lemma h_onb_comb_left:
  assumes o: "onb T n e" and y: "y \<in> T" and I: "I \<subseteq> {1..n}"
  shows "h (\<Sum>i\<in>I. f i *\<^sub>R e i) y = (\<Sum>i\<in>I. f i *\<^sub>R h (e i) y)"
proof -
  have "finite I" using I finite_subset by blast
  then show ?thesis using I
  proof (induction I rule: finite_induct)
    case empty
    have "h (0 *\<^sub>R y) y = 0 *\<^sub>R h y y" by (rule h_scale[OF y y])
    then show ?case by simp
  next
    case (insert i F)
    have ei: "e i \<in> T" using insert.prems onb_in[OF o] by auto
    have "(\<Sum>j\<in>F. f j *\<^sub>R e j) \<in> T"
      using insert.prems onb_in[OF o] T_sub by (intro subspace_sum subspace_scale) auto
    moreover have "f i *\<^sub>R e i \<in> T" using ei T_sub by (simp add: subspace_scale)
    ultimately show ?case
      using insert h_add[OF _ _ y] h_scale[OF ei y] by simp
  qed
qed

definition sff_coeff :: "(nat \<Rightarrow> 'a) \<Rightarrow> nat \<Rightarrow> nat \<Rightarrow> nat \<Rightarrow> real" where
  "sff_coeff e i j k =
     (if i \<in> {1..n} \<and> j \<in> {1..n} \<and> k \<in> {1..n} then inner (h (e i) (e j)) (J (e k)) else 0)"

lemma sff_coeff_swap12: "onb T n e \<Longrightarrow> sff_coeff e i j k = sff_coeff e j i k"
  unfolding sff_coeff_def using h_sym onb_in by auto

lemma sff_coeff_swap23: "onb T n e \<Longrightarrow> sff_coeff e i j k = sff_coeff e i k j"
  unfolding sff_coeff_def using h_Kaehler onb_in by auto

lemma sff_coeff_transpose:
  assumes "k \<in> {1..n}" "i \<in> {1..n}" "j \<in> {1..n}" "l \<in> {1..n}"
  shows "sff_coeff (e \<circ> Transposition.transpose 1 k) i j l
    = sff_coeff e (Transposition.transpose 1 k i) (Transposition.transpose 1 k j) (Transposition.transpose 1 k l)"
proof -
  have "Transposition.transpose 1 k ` {1..n} = {1..n}" using assms(1) by simp
  then have "Transposition.transpose 1 k m \<in> {1..n}" if "m \<in> {1..n}" for m using that by blast
  then show ?thesis using assms unfolding sff_coeff_def by simp
qed

lemma h_onb_eq_J:
  assumes o: "onb T n e" and "i \<in> {1..n}" "j \<in> {1..n}"
  obtains w where "w \<in> T" "h (e i) (e j) = J w" "\<And>r. r \<in> {1..n} \<Longrightarrow> inner w (e r) = sff_coeff e i j r"
proof -
  obtain w where w: "w \<in> T" "h (e i) (e j) = J w"
    using normal_in_J_image h_normal onb_in[OF o] assms by metis
  moreover have "inner w (e r) = sff_coeff e i j r" if "r \<in> {1..n}" for r
    using that assms w(2) J_isom unfolding sff_coeff_def by simp
  ultimately show ?thesis using that[of w] by blast
qed

lemma inner_h_onb:
  assumes o: "onb T n e" and ij: "i \<in> {1..n}" "j \<in> {1..n}" and kl: "k \<in> {1..n}" "l \<in> {1..n}"
  shows "inner (h (e i) (e j)) (h (e k) (e l)) = (\<Sum>r\<in>{1..n}. sff_coeff e i j r * sff_coeff e k l r)"
proof -
  obtain w where w: "w \<in> T" "h (e i) (e j) = J w" "\<And>r. r \<in> {1..n} \<Longrightarrow> inner w (e r) = sff_coeff e i j r"
    using h_onb_eq_J[OF o ij] by blast
  obtain w' where w': "w' \<in> T" "h (e k) (e l) = J w'" "\<And>r. r \<in> {1..n} \<Longrightarrow> inner w' (e r) = sff_coeff e k l r"
    using h_onb_eq_J[OF o kl] by blast
  have "inner (h (e i) (e j)) (h (e k) (e l)) = inner w w'" unfolding w(2) w'(2) by (rule J_isom)
  also have "\<dots> = (\<Sum>r\<in>{1..n}. inner w (e r) * inner (e r) w')" by (rule inner_onb_expansion[OF o w(1)])
  also have "\<dots> = (\<Sum>r\<in>{1..n}. sff_coeff e i j r * sff_coeff e k l r)"
    by (intro sum.cong refl) (metis w(3) w'(3) inner_commute)
  finally show ?thesis .
qed

lemma h_eq_0_if_sff_coeff_eq_0:
  assumes o: "onb T n e"
    and zero: "\<And>i j l. i \<in> {1..n} \<Longrightarrow> j \<in> {1..n} \<Longrightarrow> l \<in> {1..n} \<Longrightarrow> sff_coeff e i j l = 0"
    and x: "x \<in> T" and y: "y \<in> T"
  shows "h x y = 0"
proof -
  have h_frame: "h (e i) (e j) = 0" if ij: "i \<in> {1..n}" "j \<in> {1..n}" for i j
  proof -
    obtain w where w: "w \<in> T" "h (e i) (e j) = J w" "\<And>r. r \<in> {1..n} \<Longrightarrow> inner w (e r) = sff_coeff e i j r"
      using h_onb_eq_J[OF o ij] by blast
    have "w = (\<Sum>r\<in>{1..n}. inner w (e r) *\<^sub>R e r)" by (rule onb_expansion[OF o w(1)])
    also have "\<dots> = 0" using w(3) zero[OF ij] by simp
    finally show ?thesis using w(2) J_lin by (simp add: linear_0)
  qed
  have "h (e i) y = 0" if i: "i \<in> {1..n}" for i
  proof -
    have "h (e i) y = h (\<Sum>j\<in>{1..n}. inner y (e j) *\<^sub>R e j) (e i)"
      using h_sym onb_in[OF o i] y onb_expansion[OF o y] by metis
    also have "\<dots> = (\<Sum>j\<in>{1..n}. inner y (e j) *\<^sub>R h (e j) (e i))"
      by (rule h_onb_comb_left[OF o onb_in[OF o i]]) simp
    finally show ?thesis using h_frame i by simp
  qed
  then have "(\<Sum>i\<in>{1..n}. inner x (e i) *\<^sub>R h (e i) y) = 0" by simp
  then show ?thesis using h_onb_comb_left[OF o y order_refl] onb_expansion[OF o x] by metis
qed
++++++
## Exercise details
Each record above should be repeated exactly.

## Exercise answer
lemma h_onb_comb_left:
  assumes o: "onb T n e" and y: "y \<in> T" and I: "I \<subseteq> {1..n}"
  shows "h (\<Sum>i\<in>I. f i *\<^sub>R e i) y = (\<Sum>i\<in>I. f i *\<^sub>R h (e i) y)"
proof -
  have "finite I" using I finite_subset by blast
  then show ?thesis using I
  proof (induction I rule: finite_induct)
    case empty
    have "h (0 *\<^sub>R y) y = 0 *\<^sub>R h y y" by (rule h_scale[OF y y])
    then show ?case by simp
  next
    case (insert i F)
    have ei: "e i \<in> T" using insert.prems onb_in[OF o] by auto
    have "(\<Sum>j\<in>F. f j *\<^sub>R e j) \<in> T"
      using insert.prems onb_in[OF o] T_sub by (intro subspace_sum subspace_scale) auto
    moreover have "f i *\<^sub>R e i \<in> T" using ei T_sub by (simp add: subspace_scale)
    ultimately show ?case
      using insert h_add[OF _ _ y] h_scale[OF ei y] by simp
  qed
qed

definition sff_coeff :: "(nat \<Rightarrow> 'a) \<Rightarrow> nat \<Rightarrow> nat \<Rightarrow> nat \<Rightarrow> real" where
  "sff_coeff e i j k =
     (if i \<in> {1..n} \<and> j \<in> {1..n} \<and> k \<in> {1..n} then inner (h (e i) (e j)) (J (e k)) else 0)"

lemma sff_coeff_swap12: "onb T n e \<Longrightarrow> sff_coeff e i j k = sff_coeff e j i k"
  unfolding sff_coeff_def using h_sym onb_in by auto

lemma sff_coeff_swap23: "onb T n e \<Longrightarrow> sff_coeff e i j k = sff_coeff e i k j"
  unfolding sff_coeff_def using h_Kaehler onb_in by auto

lemma sff_coeff_transpose:
  assumes "k \<in> {1..n}" "i \<in> {1..n}" "j \<in> {1..n}" "l \<in> {1..n}"
  shows "sff_coeff (e \<circ> Transposition.transpose 1 k) i j l
    = sff_coeff e (Transposition.transpose 1 k i) (Transposition.transpose 1 k j) (Transposition.transpose 1 k l)"
proof -
  have "Transposition.transpose 1 k ` {1..n} = {1..n}" using assms(1) by simp
  then have "Transposition.transpose 1 k m \<in> {1..n}" if "m \<in> {1..n}" for m using that by blast
  then show ?thesis using assms unfolding sff_coeff_def by simp
qed

lemma h_onb_eq_J:
  assumes o: "onb T n e" and "i \<in> {1..n}" "j \<in> {1..n}"
  obtains w where "w \<in> T" "h (e i) (e j) = J w" "\<And>r. r \<in> {1..n} \<Longrightarrow> inner w (e r) = sff_coeff e i j r"
proof -
  obtain w where w: "w \<in> T" "h (e i) (e j) = J w"
    using normal_in_J_image h_normal onb_in[OF o] assms by metis
  moreover have "inner w (e r) = sff_coeff e i j r" if "r \<in> {1..n}" for r
    using that assms w(2) J_isom unfolding sff_coeff_def by simp
  ultimately show ?thesis using that[of w] by blast
qed

lemma inner_h_onb:
  assumes o: "onb T n e" and ij: "i \<in> {1..n}" "j \<in> {1..n}" and kl: "k \<in> {1..n}" "l \<in> {1..n}"
  shows "inner (h (e i) (e j)) (h (e k) (e l)) = (\<Sum>r\<in>{1..n}. sff_coeff e i j r * sff_coeff e k l r)"
proof -
  obtain w where w: "w \<in> T" "h (e i) (e j) = J w" "\<And>r. r \<in> {1..n} \<Longrightarrow> inner w (e r) = sff_coeff e i j r"
    using h_onb_eq_J[OF o ij] by blast
  obtain w' where w': "w' \<in> T" "h (e k) (e l) = J w'" "\<And>r. r \<in> {1..n} \<Longrightarrow> inner w' (e r) = sff_coeff e k l r"
    using h_onb_eq_J[OF o kl] by blast
  have "inner (h (e i) (e j)) (h (e k) (e l)) = inner w w'" unfolding w(2) w'(2) by (rule J_isom)
  also have "\<dots> = (\<Sum>r\<in>{1..n}. inner w (e r) * inner (e r) w')" by (rule inner_onb_expansion[OF o w(1)])
  also have "\<dots> = (\<Sum>r\<in>{1..n}. sff_coeff e i j r * sff_coeff e k l r)"
    by (intro sum.cong refl) (metis w(3) w'(3) inner_commute)
  finally show ?thesis .
qed

lemma h_eq_0_if_sff_coeff_eq_0:
  assumes o: "onb T n e"
    and zero: "\<And>i j l. i \<in> {1..n} \<Longrightarrow> j \<in> {1..n} \<Longrightarrow> l \<in> {1..n} \<Longrightarrow> sff_coeff e i j l = 0"
    and x: "x \<in> T" and y: "y \<in> T"
  shows "h x y = 0"
proof -
  have h_frame: "h (e i) (e j) = 0" if ij: "i \<in> {1..n}" "j \<in> {1..n}" for i j
  proof -
    obtain w where w: "w \<in> T" "h (e i) (e j) = J w" "\<And>r. r \<in> {1..n} \<Longrightarrow> inner w (e r) = sff_coeff e i j r"
      using h_onb_eq_J[OF o ij] by blast
    have "w = (\<Sum>r\<in>{1..n}. inner w (e r) *\<^sub>R e r)" by (rule onb_expansion[OF o w(1)])
    also have "\<dots> = 0" using w(3) zero[OF ij] by simp
    finally show ?thesis using w(2) J_lin by (simp add: linear_0)
  qed
  have "h (e i) y = 0" if i: "i \<in> {1..n}" for i
  proof -
    have "h (e i) y = h (\<Sum>j\<in>{1..n}. inner y (e j) *\<^sub>R e j) (e i)"
      using h_sym onb_in[OF o i] y onb_expansion[OF o y] by metis
    also have "\<dots> = (\<Sum>j\<in>{1..n}. inner y (e j) *\<^sub>R h (e j) (e i))"
      by (rule h_onb_comb_left[OF o onb_in[OF o i]]) simp
    finally show ?thesis using h_frame i by simp
  qed
  then have "(\<Sum>i\<in>{1..n}. inner x (e i) *\<^sub>R h (e i) y) = 0" by simp
  then show ?thesis using h_onb_comb_left[OF o y order_refl] onb_expansion[OF o x] by metis
qed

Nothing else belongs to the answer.